DESCRIPTION OF THE TASK.
For the records that follow, please set down exactly the lines between the one holding "f) \<le> ennreal" and the one holding "fixes D K :: real", inclusive, and only those.

RECORDS PROVIDED.
lemma integral_le_if_le_scale_measure:
  fixes f :: "'a \<Rightarrow> real"
  assumes sets_eq: "sets \<mu> = sets \<pi>" and le: "\<mu> \<le> scale_measure 2 \<pi>"
    and "integrable \<mu> f" "integrable \<pi> f" and nonneg: "\<And>x. x \<in> space \<pi> \<Longrightarrow> 0 \<le> f x"
  shows "integral\<^sup>L \<mu> f \<le> 2 * integral\<^sup>L \<pi> f"
proof -
  have nonneg_\<mu>: "\<And>x. x \<in> space \<mu> \<Longrightarrow> 0 \<le> f x"
    using nonneg sets_eq_imp_space_eq[OF sets_eq] by simp
  have "ennreal (integral\<^sup>L \<mu> f) = (\<integral>\<^sup>+x. f x \<partial>\<mu>)"
    using assms(3) nonneg_\<mu> by (intro nn_integral_eq_integral[symmetric] AE_I2) auto
  also have "\<dots> \<le> (\<integral>\<^sup>+x. f x \<partial>scale_measure 2 \<pi>)"
    using sets_eq le by (intro nn_integral_mono_measure) auto
  also have "\<dots> = 2 * (\<integral>\<^sup>+x. f x \<partial>\<pi>)"
    using assms(4) by (intro nn_integral_scale_measure) auto
  also have "(\<integral>\<^sup>+x. f x \<partial>\<pi>) = ennreal (integral\<^sup>L \<pi> f)"
    using assms(4) nonneg by (intro nn_integral_eq_integral AE_I2) auto
  finally have "ennreal (integral\<^sup>L \<mu> f) \<le> ennreal (2 * integral\<^sup>L \<pi> f)"
    using nonneg by (simp add: ennreal_mult integral_nonneg)
  then show ?thesis
    using nonneg by (simp add: ennreal_le_iff integral_nonneg)
qed

lemma abs_le_mult_pos_imp_eq_0:
  fixes D K :: real
  assumes "\<And>\<delta>. \<delta> > 0 \<Longrightarrow> \<bar>D\<bar> \<le> K * \<delta>"
  shows "D = 0"
proof -
  have "\<bar>D\<bar> \<le> 0 + e" if "e > 0" for e
  proof -
    have "\<bar>D\<bar> \<le> K * (e / (\<bar>K\<bar> + 1))"
      using that by (intro assms) (simp add: add_nonneg_pos)
    also have "\<dots> \<le> \<bar>K\<bar> * (e / (\<bar>K\<bar> + 1))"
      using that by (intro mult_right_mono) auto
    also have "\<dots> \<le> e"
      using that by (simp add: field_simps add_nonneg_pos)
    finally show ?thesis by simp
  qed
  then show ?thesis
    using field_le_epsilon[of "\<bar>D\<bar>" 0] by simp
qed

WRITTEN REPLY.
  finally have "ennreal (integral\<^sup>L \<mu> f) \<le> ennreal (2 * integral\<^sup>L \<pi> f)"
    using nonneg by (simp add: ennreal_mult integral_nonneg)
  then show ?thesis
    using nonneg by (simp add: ennreal_le_iff integral_nonneg)
qed

lemma abs_le_mult_pos_imp_eq_0:
  fixes D K :: real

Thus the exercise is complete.